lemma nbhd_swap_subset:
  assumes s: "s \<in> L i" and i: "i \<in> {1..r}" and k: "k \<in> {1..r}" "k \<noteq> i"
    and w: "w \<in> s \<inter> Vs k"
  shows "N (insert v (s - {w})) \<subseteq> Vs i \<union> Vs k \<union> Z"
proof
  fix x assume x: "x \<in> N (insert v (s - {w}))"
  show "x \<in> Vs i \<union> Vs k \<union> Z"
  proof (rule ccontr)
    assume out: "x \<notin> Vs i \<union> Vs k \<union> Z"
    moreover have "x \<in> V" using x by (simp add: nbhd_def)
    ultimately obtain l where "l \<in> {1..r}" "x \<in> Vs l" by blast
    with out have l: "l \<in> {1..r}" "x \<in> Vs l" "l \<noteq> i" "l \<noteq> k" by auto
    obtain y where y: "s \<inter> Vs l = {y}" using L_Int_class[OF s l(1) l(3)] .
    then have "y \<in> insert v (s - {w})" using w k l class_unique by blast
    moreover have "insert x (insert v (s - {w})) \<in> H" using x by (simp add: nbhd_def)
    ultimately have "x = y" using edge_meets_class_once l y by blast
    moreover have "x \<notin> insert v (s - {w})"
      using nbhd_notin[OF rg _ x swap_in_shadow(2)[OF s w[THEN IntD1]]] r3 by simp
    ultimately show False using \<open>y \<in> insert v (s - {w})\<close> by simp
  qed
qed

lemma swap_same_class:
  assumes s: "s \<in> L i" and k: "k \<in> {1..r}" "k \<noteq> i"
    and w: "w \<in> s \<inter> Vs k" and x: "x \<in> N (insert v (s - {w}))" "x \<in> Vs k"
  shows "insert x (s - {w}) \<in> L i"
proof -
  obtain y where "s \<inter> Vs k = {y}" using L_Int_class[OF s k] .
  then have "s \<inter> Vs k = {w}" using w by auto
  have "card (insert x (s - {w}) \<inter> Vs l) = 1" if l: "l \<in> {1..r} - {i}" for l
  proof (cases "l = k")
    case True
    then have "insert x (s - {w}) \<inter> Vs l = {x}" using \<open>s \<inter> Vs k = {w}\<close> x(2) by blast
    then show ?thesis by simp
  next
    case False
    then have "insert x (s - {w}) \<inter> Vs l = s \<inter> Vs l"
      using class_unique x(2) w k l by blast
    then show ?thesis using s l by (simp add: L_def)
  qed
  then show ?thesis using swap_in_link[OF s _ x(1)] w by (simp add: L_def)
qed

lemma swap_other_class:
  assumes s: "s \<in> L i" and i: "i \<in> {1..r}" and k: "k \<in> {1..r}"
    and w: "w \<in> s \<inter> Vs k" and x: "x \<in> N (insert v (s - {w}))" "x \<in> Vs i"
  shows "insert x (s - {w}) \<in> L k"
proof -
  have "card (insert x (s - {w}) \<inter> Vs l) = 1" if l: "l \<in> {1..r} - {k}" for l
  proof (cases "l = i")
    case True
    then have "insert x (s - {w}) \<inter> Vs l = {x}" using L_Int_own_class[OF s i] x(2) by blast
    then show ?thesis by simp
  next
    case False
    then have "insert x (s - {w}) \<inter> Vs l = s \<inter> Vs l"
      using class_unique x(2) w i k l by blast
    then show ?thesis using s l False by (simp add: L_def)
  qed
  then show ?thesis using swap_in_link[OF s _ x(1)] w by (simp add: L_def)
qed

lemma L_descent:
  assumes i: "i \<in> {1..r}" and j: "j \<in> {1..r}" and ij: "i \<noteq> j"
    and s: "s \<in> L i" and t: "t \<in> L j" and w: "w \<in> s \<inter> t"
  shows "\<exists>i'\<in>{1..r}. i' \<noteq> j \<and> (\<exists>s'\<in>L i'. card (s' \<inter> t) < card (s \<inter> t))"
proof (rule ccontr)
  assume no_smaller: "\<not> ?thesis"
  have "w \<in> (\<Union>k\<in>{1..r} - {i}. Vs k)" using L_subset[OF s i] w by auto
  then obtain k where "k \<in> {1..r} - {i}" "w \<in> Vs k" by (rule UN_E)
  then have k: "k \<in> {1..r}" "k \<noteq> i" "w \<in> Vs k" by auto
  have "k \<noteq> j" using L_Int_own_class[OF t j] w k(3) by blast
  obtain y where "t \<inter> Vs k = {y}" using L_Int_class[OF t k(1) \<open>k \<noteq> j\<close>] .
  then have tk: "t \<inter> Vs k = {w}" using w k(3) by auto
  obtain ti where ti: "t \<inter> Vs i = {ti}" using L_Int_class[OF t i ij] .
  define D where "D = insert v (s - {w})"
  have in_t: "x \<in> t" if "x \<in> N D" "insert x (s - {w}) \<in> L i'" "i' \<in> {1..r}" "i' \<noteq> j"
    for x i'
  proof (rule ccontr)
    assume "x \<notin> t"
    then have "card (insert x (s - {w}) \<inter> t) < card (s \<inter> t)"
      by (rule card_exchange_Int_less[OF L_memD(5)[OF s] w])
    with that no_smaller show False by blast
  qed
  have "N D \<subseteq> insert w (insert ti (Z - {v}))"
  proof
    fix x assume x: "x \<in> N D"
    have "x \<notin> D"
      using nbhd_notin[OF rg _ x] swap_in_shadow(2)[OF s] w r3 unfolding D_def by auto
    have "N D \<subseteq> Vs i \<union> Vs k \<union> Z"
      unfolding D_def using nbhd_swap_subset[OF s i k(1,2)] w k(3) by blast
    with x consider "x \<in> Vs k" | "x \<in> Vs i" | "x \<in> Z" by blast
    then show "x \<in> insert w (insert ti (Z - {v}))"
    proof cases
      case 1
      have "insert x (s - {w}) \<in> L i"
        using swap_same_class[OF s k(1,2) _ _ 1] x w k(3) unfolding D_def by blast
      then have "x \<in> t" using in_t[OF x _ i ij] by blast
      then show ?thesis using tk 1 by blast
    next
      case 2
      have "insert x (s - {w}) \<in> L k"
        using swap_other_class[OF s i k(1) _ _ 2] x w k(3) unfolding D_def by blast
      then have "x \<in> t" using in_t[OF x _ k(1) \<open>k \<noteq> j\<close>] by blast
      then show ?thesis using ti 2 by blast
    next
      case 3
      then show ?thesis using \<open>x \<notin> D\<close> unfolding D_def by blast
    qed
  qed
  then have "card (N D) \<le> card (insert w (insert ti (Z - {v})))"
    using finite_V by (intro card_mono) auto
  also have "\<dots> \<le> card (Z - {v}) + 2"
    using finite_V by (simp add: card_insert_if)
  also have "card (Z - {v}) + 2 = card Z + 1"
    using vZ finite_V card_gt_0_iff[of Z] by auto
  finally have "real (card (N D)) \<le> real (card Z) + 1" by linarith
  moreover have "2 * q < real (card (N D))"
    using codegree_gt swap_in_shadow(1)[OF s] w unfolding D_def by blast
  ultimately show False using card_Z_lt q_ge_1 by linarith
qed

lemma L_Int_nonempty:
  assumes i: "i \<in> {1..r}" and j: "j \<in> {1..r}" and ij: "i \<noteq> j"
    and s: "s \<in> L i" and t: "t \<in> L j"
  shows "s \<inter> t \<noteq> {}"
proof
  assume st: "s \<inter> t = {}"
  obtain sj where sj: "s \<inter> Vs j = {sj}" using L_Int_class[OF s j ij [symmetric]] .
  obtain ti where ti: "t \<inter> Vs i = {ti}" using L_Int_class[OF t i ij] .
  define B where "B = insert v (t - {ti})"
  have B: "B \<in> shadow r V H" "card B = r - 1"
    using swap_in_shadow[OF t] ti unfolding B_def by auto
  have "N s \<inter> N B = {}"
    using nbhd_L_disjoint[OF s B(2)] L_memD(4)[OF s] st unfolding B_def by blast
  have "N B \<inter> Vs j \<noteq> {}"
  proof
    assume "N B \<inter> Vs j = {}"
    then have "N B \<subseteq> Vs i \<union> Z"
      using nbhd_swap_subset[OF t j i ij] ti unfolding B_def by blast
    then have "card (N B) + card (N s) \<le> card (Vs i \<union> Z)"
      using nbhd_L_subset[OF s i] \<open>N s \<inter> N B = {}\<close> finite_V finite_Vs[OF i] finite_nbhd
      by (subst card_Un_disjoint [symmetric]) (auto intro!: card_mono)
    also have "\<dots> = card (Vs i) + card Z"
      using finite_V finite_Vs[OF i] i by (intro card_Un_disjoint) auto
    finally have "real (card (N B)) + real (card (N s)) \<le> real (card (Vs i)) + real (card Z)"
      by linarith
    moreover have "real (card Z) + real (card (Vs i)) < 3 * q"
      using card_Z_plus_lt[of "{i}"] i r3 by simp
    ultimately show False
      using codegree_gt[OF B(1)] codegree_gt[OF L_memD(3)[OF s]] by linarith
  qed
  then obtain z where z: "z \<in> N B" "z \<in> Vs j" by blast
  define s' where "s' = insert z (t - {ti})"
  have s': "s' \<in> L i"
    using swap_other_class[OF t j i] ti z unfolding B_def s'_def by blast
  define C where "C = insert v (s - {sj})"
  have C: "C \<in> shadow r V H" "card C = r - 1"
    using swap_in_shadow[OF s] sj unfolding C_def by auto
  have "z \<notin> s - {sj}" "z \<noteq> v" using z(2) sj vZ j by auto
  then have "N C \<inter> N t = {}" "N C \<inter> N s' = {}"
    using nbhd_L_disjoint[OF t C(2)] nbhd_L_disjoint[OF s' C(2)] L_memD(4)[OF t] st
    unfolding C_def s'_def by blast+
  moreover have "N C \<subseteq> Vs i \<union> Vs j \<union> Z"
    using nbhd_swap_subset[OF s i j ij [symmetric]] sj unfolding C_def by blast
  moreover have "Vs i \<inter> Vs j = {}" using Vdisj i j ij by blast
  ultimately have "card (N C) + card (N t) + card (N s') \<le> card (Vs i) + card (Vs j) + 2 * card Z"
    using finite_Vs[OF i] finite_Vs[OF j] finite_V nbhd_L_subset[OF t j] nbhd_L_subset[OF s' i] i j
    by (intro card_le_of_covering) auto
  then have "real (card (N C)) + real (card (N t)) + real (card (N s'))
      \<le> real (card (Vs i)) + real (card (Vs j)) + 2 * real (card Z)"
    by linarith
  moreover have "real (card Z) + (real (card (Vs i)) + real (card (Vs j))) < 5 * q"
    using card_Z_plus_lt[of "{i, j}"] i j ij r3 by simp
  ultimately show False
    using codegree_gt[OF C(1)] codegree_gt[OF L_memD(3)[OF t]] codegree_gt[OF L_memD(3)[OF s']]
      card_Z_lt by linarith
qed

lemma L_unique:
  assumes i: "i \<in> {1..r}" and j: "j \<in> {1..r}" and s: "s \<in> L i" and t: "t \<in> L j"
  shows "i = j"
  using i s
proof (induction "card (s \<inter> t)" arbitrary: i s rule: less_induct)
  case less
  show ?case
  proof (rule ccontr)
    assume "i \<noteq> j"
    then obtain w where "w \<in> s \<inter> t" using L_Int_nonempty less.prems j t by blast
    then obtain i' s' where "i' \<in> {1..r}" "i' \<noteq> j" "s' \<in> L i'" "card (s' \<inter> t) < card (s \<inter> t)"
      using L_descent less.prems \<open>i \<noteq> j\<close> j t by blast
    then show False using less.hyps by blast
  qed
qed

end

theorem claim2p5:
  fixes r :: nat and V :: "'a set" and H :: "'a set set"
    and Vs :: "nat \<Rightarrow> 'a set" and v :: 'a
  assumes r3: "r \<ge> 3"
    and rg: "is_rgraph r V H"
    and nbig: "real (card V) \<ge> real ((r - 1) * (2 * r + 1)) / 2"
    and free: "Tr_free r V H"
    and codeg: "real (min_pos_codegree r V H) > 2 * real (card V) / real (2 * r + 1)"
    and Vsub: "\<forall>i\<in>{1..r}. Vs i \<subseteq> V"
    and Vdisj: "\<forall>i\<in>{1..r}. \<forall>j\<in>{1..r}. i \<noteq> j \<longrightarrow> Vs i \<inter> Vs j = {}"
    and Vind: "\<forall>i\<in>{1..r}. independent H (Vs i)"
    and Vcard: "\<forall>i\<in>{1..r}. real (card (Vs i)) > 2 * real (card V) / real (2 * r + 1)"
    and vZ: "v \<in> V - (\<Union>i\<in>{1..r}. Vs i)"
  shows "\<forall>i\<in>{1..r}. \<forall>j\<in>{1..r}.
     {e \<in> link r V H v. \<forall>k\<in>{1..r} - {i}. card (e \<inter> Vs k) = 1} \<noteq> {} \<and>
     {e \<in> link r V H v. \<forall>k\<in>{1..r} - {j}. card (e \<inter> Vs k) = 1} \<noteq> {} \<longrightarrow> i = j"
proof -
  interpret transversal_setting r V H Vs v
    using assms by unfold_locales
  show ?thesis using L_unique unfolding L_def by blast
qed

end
::::
Exercise goal:
Word for word, restate the lines of the listing above starting at the line with "ij] by blast" and ending at the line with "define B where", and nothing outside them.

Written solution:
      then have "x \<in> t" using in_t[OF x _ i ij] by blast
      then show ?thesis using tk 1 by blast
    next
      case 2
      have "insert x (s - {w}) \<in> L k"
        using swap_other_class[OF s i k(1) _ _ 2] x w k(3) unfolding D_def by blast
      then have "x \<in> t" using in_t[OF x _ k(1) \<open>k \<noteq> j\<close>] by blast
      then show ?thesis using ti 2 by blast
    next
      case 3
      then show ?thesis using \<open>x \<notin> D\<close> unfolding D_def by blast
    qed
  qed
  then have "card (N D) \<le> card (insert w (insert ti (Z - {v})))"
    using finite_V by (intro card_mono) auto
  also have "\<dots> \<le> card (Z - {v}) + 2"
    using finite_V by (simp add: card_insert_if)
  also have "card (Z - {v}) + 2 = card Z + 1"
    using vZ finite_V card_gt_0_iff[of Z] by auto
  finally have "real (card (N D)) \<le> real (card Z) + 1" by linarith
  moreover have "2 * q < real (card (N D))"
    using codegree_gt swap_in_shadow(1)[OF s] w unfolding D_def by blast
  ultimately show False using card_Z_lt q_ge_1 by linarith
qed

lemma L_Int_nonempty:
  assumes i: "i \<in> {1..r}" and j: "j \<in> {1..r}" and ij: "i \<noteq> j"
    and s: "s \<in> L i" and t: "t \<in> L j"
  shows "s \<inter> t \<noteq> {}"
proof
  assume st: "s \<inter> t = {}"
  obtain sj where sj: "s \<inter> Vs j = {sj}" using L_Int_class[OF s j ij [symmetric]] .
  obtain ti where ti: "t \<inter> Vs i = {ti}" using L_Int_class[OF t i ij] .
  define B where "B = insert v (t - {ti})"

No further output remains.